By the early 90s, however, nuclear magnetic resonance spectrometry had advanced to the point where the minute sample still available could be analyzed and the compound synthesized. The extract, called Epibatidine, is similar to nicotine and acts at a type of nicotinic receptor in the brain. Because of its toxicity, it remained on the shelf until scientists at Abbott Laboratories began to explore the use of nicotine-like drugs to treat Alzheimer's disease. Instead of therapy for dementia, they found that one of 500 variants of the compound they made, ABT-594, was an excellent analgesic useful against a variety of pains, including the notoriously hard-to-treat neuropathic pain that can follow nerve injury. The good news is that the drug has none of the sedating and constipating effects of opiates. ABT-594 is now being tested in Phase I clinical trials.

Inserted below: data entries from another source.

lemma central_idempotent_mult_nat_pow:
  assumes qc: "central R q" and qq: "q \<otimes> q = q" and x: "x \<in> carrier R"
  shows "(q \<otimes> x) [^] (k::nat) \<otimes> q = q \<otimes> x [^] k"
proof (induct k)
  case 0
  then show ?case using central_closed[OF qc] by simp
next
  case (Suc k)
  have q: "q \<in> carrier R" by (rule central_closed[OF qc])
  have "(q \<otimes> x) \<otimes> q = q \<otimes> (x \<otimes> q)" using q x by (simp add: m_assoc)
  also have "\<dots> = q \<otimes> (q \<otimes> x)" by (simp only: central_commute[OF qc x])
  finally have "(q \<otimes> x) \<otimes> q = q \<otimes> (q \<otimes> x)" .
  then have qxq: "(q \<otimes> x) \<otimes> q = q \<otimes> x" using q x qq by (simp add: m_assoc[symmetric])
  have "(q \<otimes> x) [^] Suc k \<otimes> q = (q \<otimes> x) [^] k \<otimes> ((q \<otimes> x) \<otimes> q)" using q x by (simp add: m_assoc)
  also have "\<dots> = ((q \<otimes> x) [^] k \<otimes> q) \<otimes> x" using qxq q x by (simp add: m_assoc)
  also have "\<dots> = q \<otimes> x [^] Suc k" using Suc q x by (simp add: m_assoc)
  finally show ?case .
qed

lemma central_idempotent_eq_zero_if_nilpotent_factor:
  assumes fc: "central R f" and ff: "f \<otimes> f = f" and z: "z \<in> carrier R" and n: "n \<in> carrier R"
    and zn: "z \<otimes> n = f" and nt: "n [^] (t::nat) = \<zero>"
  shows "f = \<zero>"
proof -
  have f: "f \<in> carrier R" by (rule central_closed[OF fc])
  have "z [^] j \<otimes> (n [^] j \<otimes> f) = f" for j :: nat
  proof (induct j)
    case 0 then show ?case using f by simp
  next
    case (Suc j)
    have c: "n [^] j \<in> carrier R" "z [^] j \<in> carrier R" using n z by auto
    have nS: "n [^] Suc j = n \<otimes> n [^] j" by (rule nat_pow_Suc2[OF n])
    have "z [^] Suc j \<otimes> (n [^] Suc j \<otimes> f) = z [^] j \<otimes> ((z \<otimes> n) \<otimes> (n [^] j \<otimes> f))"
      unfolding nS using c z n f by (simp add: m_assoc del: nat_pow_Suc)
    also have "\<dots> = z [^] j \<otimes> ((n [^] j \<otimes> f) \<otimes> f)"
      using zn central_commute[OF fc, of "n [^] j \<otimes> f"] c f by simp
    also have "\<dots> = f" using ff c f Suc by (simp add: m_assoc)
    finally show ?case .
  qed
  from this[of t] show ?thesis using nt z f by simp
qed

My second pain story is also about poisons: a toxin found in very beautiful but deadly marine cone snails that live in warm ocean reefs. These snails kill marine organisms by injecting a venom composed of small proteins in a family of "conopeptides." These compounds block calcium channels in nerve cells that are also essential in generating nerve signals. Neurex, a biotechnology firm in Menlo Park, California, is testing a conopeptide derivative called SNX-111. The feature that makes the new drug so attractive is that it targets a type of calcium channel found only in the nervous system. Other calcium channel blockers can control pain, but pose a risk to the heart because they can react with calcium channels in heart muscle as well. The new drug is currently being tested on patients with neuropathic pain resistant to all other medications tried.

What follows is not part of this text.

(* Let $p\ge 2$ and let $T$ be a tetrahedron obtained as the image of the reference tetrahedron under a non-degenerate map. Then the collection of matrix-valued functions on $T$ consisting of a basis of $[\mathcal{N}_{II}^1(T)]^3=[\mathit{P}^1(T)]^{3\times3}$ together with all of the following functions is linearly independent: (i) (edge functions) for each edge $j\in\mathcal{J}$ and each $\varphi$ in a basis of $\mathcal{E}^p_j(T)$: $\varphi\,\mathbf{d}_1\otimes\mathbf{t}$ and $\varphi\,\mathbf{d}_2\otimes\mathbf{t}$, with $\mathbf{t},\mathbf{d}_1,\mathbf{d}_2$ the vectors of edge $j$; (ii) (edge-face functions) for each face $k\in\mathcal{K}$ with normal $\mathbf{n}$, each edge $j\in\mathcal{J}_k$ and each $\varphi$ in a basis of $\mathcal{E}^p_j(T)$: $\varphi\,\mathbf{t}\otimes\mathbf{k}$, $\varphi\,\mathbf{m}\otimes\mathbf{k}$, $\varphi\,\mathbf{n}\otimes\mathbf{k}$, where $\mathbf{t}$ is the tangent of edge $j$, $\mathbf{k}$ is the edge-face vector of edge $j$ with $\mathbf{n}\times\mathbf{k}\neq0$, and $\mathbf{m}=\mathbf{Q}\mathbf{k}$ with $\mathbf{Q}=\|\mathbf{n}\|^2\mathbb{1}-\mathbf{n}\otimes\mathbf{n}$; (iii) (face functions) for each face $k\in\mathcal{K}$ with normal $\mathbf{n}$ and each $\varphi$ in a basis of $\mathcal{F}^p_k(T)$, with $j=\min\mathcal{J}_k$, $\mathbf{t}$ the tangent of edge $j$ and $\mathbf{m}=\mathbf{Q}\mathbf{k}$ as in (ii) for this edge $j$: $\varphi\,\mathbf{t}\otimes\mathbf{m}$, $\varphi\,\mathbf{m}\otimes\mathbf{t}$, $\varphi(\mathbf{t}\otimes\mathbf{t}-\mathbf{m}\otimes\mathbf{m})$, $\varphi\,\mathbf{n}\otimes\mathbf{t}$, $\varphi\,\mathbf{n}\otimes\mathbf{m}$; (iv) (cell functions) $\varphi\,\mathbb{1}$ for $\varphi$ in a basis of $\bigoplus_{j\in\mathcal{J}}\mathcal{E}^{p+1}_j(T)\oplus\bigoplus_{k\in\mathcal{K}}\mathcal{F}^{p+1}_k(T)\oplus\mathcal{C}^{p+1}(T)$; for each face $k$ and $\varphi$ in a basis of $\mathcal{F}^p_k(T)$, with $\mathbf{t},\mathbf{m},\mathbf{n}$ as in (iii): $\varphi\,\mathbf{t}\otimes\mathbf{n}$, $\varphi\,\mathbf{m}\otimes\mathbf{n}$, $\varphi\,\mathbf{n}\otimes\mathbf{n}$; and $\varphi\,\mathbf{T}$ for $\varphi$ in a basis of $\mathcal{C}^p(T)$ and $\mathbf{T}$ in a basis of $\mathfrak{sl}(3)$ (trace-free $3\times3$ matrices).
   Context: Reference tetrahedron $\Omega=\{(\xi,\eta,\zeta)\in[0,1]^3:\xi+\eta+\zeta\le1\}$ with barycentric coordinates $\lambda_1=1-\xi-\eta-\zeta$, $\lambda_2=\zeta$, $\lambda_3=\eta$, $\lambda_4=\xi$ (vertex $v_i$ is where $\lambda_i=1$). The physical element is $T=\mathbf{x}(\Omega)$ with $\mathbf{J}=\mathrm{D}\mathbf{x}$ invertible. Edges are indexed by $\mathcal{J}=\{(1,2),(1,3),(1,4),(2,3),(2,4),(3,4)\}$, faces by $\mathcal{K}=\{(1,2,3),(1,2,4),(1,3,4),(2,3,4)\}$; $\mathcal{J}_k$ is the set of the three edges of face $k$ and $\min\mathcal{J}_k$ its lexicographically smallest element. Scalar polytopal spaces: for each degree $q\ge1$ a basis of $\mathit{P}^q(T)$ is split into vertex functions ($\lambda_1,\dots,\lambda_4$), edge spaces $\mathcal{E}^q_j(T)$ of dimension $q-1$ (functions of degree $2,\dots,q$ associated to edge $j$, vanishing on all other edges), face spaces $\mathcal{F}^q_k(T)$ of dimension $(q-2)(q-1)/2$ (vanishing on all other faces), and a cell space $\mathcal{C}^q(T)$ of dimension $(q-3)(q-2)(q-1)/6$ (vanishing on $\partial T$); the union of these bases is a basis of $\mathit{P}^q(T)$. Edge tangents: reference templates $\boldsymbol{\tau}_{12}=\mathbf{e}_3$, $\boldsymbol{\tau}_{13}=\mathbf{e}_2$, $\boldsymbol{\tau}_{14}=\mathbf{e}_1$, $\boldsymbol{\tau}_{23}=\mathbf{e}_2-\mathbf{e}_3$, $\boldsymbol{\tau}_{24}=\mathbf{e}_1-\mathbf{e}_3$, $\boldsymbol{\tau}_{34}=\mathbf{e}_1-\mathbf{e}_2$, mapped by $\mathbf{t}=\mathbf{J}\boldsymbol{\tau}$. Edge-face vectors: reference pairs $(1,2):\{-\mathbf{e}_2,-\mathbf{e}_1\}$, $(1,3):\{\mathbf{e}_3,-\mathbf{e}_1\}$, $(1,4):\{\mathbf{e}_3,\mathbf{e}_2\}$, $(2,3):\{\mathbf{e}_1+\mathbf{e}_2+\mathbf{e}_3,-\mathbf{e}_1\}$, $(2,4):\{\mathbf{e}_1+\mathbf{e}_2+\mathbf{e}_3,\mathbf{e}_2\}$, $(3,4):\{\mathbf{e}_1+\mathbf{e}_2+\mathbf{e}_3,-\mathbf{e}_3\}$, mapped by $\mathbf{k}=\mathbf{J}^{-T}\boldsymbol{\kappa}$. Face normals: reference $\boldsymbol{\nu}_{123}=-\mathbf{e}_1$, $\boldsymbol{\nu}_{124}=\mathbf{e}_2$, $\boldsymbol{\nu}_{134}=-\mathbf{e}_3$, $\boldsymbol{\nu}_{234}=-\mathbf{e}_1-\mathbf{e}_2-\mathbf{e}_3$, mapped by $\mathbf{n}=(\det\mathbf{J})\mathbf{J}^{-T}\boldsymbol{\nu}$. For an edge with tangent $\mathbf{t}=(t_1,t_2,t_3)$, $\mathbf{d}_2=\big(\operatorname{sgn}_*(t_1)|t_3|,\ \operatorname{sgn}_*(t_2)|t_3|,\ -\operatorname{sgn}_*(t_3)|t_1|-\operatorname{sgn}_*(t_3)|t_2|\big)^T$ where $\operatorname{sgn}_*(x)=1$ for $x\ge0$ and $-1$ for $x<0$, and $\mathbf{d}_1=\mathbf{d}_2\times\mathbf{t}$. $\mathbb{1}$ is the identity matrix. $[\mathcal{N}_{II}^1(T)]^3$ is the space of $3\times3$ matrix fields with all rows in $[\mathit{P}^1(T)]^3$, i.e. $[\mathit{P}^1(T)]^{3\times3}$. *)

theory Defs
  imports "HOL-Analysis.Analysis"
begin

Like the frog story, the cone snail saga is also one that spans decades of research and daunting technology, beginning with the observations of snail behavior by a Filipino scientist now in the United States, and the subsequent chemical analyses of the venom. Most importantly, drug development would have stalled without the work of another NIH intramural scientist who developed an animal model of neuropathic pain by compressing nerves exiting from the spinal cord of a rat. The method has been adopted by pain researchers worldwide, not only allowing in vivo testing of new analgesics, but also the study of the complex events that follow nerve injury.

Conclusion

We are in the midst of a revolutionary phase of biological research, when genes, cells, and complex phenomena are being understood at an unprecedented rate. Never before have we had such powerful research tools to develop clear understandings of fundamental biological and genetic processes to study and treat diseases. As we have seen, it is never known with certainty which scientific areas will produce the greatest returns soonest. At any given time, moreover, some fields are more likely to repay the investment in them by yielding great discoveries that advance knowledge.

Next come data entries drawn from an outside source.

text \<open>g induces an injective, hence surjective, self-map of the finite quotient.\<close>
lemma surj_on_classes_if_preserves_reflects:
  assumes equiv: "equiv UNIV r" and "finite (UNIV // r)"
    and preserves: "\<And>x y. (x, y) \<in> r \<Longrightarrow> (g x, g y) \<in> r"
    and reflects: "\<And>x y. (g x, g y) \<in> r \<Longrightarrow> (x, y) \<in> r"
  shows "\<exists>x. (g x, y) \<in> r"
proof -
  define G where "G C = r `` (g ` C)" for C
  have G_class: "G (r `` {x}) = r `` {g x}" for x
  proof (intro equalityI subsetI)
    fix z assume "z \<in> G (r `` {x})"
    then obtain x' where "(x, x') \<in> r" "(g x', z) \<in> r" unfolding G_def by blast
    then show "z \<in> r `` {g x}"
      using preserves equiv unfolding equiv_def trans_def by blast
  next
    fix z assume "z \<in> r `` {g x}"
    then show "z \<in> G (r `` {x})"
      unfolding G_def using equiv_class_self[OF equiv, of x] by blast
  qed
  have "G ` (UNIV // r) \<subseteq> UNIV // r"
    by (auto simp: G_class quotient_def)
  moreover have "inj_on G (UNIV // r)"
  proof (rule inj_onI)
    fix C D assume "C \<in> UNIV // r" "D \<in> UNIV // r" "G C = G D"
    then obtain x y where "C = r `` {x}" "D = r `` {y}" "r `` {g x} = r `` {g y}"
      by (auto simp: G_class quotient_def)
    then show "C = D"
      using reflects eq_equiv_class_iff[OF equiv] by blast
  qed
  ultimately have "G ` (UNIV // r) = UNIV // r"
    using endo_inj_surj[OF assms(2)] by blast
  then have "r `` {y} \<in> G ` (UNIV // r)"
    by (simp add: quotientI)
  then obtain x where "r `` {y} = r `` {g x}"
    by (auto simp: G_class quotient_def)
  then show ?thesis
    using eq_equiv_class_iff[OF equiv] by blast
qed

lemma semigroup_congruence_equiv: "semigroup_congruence r \<Longrightarrow> equiv UNIV r"
  unfolding semigroup_congruence_def by blast

lemma semigroup_congruence_refl: "semigroup_congruence r \<Longrightarrow> (x, x) \<in> r"
  unfolding semigroup_congruence_def equiv_def refl_on_def by blast

lemma semigroup_congruence_sym: "semigroup_congruence r \<Longrightarrow> (x, y) \<in> r \<Longrightarrow> (y, x) \<in> r"
  unfolding semigroup_congruence_def equiv_def sym_def by blast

Assessing scientific opportunities requires expertise in various scientific fields, breadth of vision across many disciplines, and judgment to determine the likely yield from making investments in particular areas of research. Scientific opportunities may arise from many sources, from a single technological development, or from a scientific "breakthrough." Often the breakthrough or even the knowledge accumulated is in an area that appears only remotely related to the area where it will have its greatest impact. Recognition of these scientific opportunities allows investigators to approach previously unanswered questions in new ways.

Mr. Chairman, I am grateful to you for providing a forum for the discussion of these issues, and I would be pleased to answer any questions you or Members of the Subcommittee may have.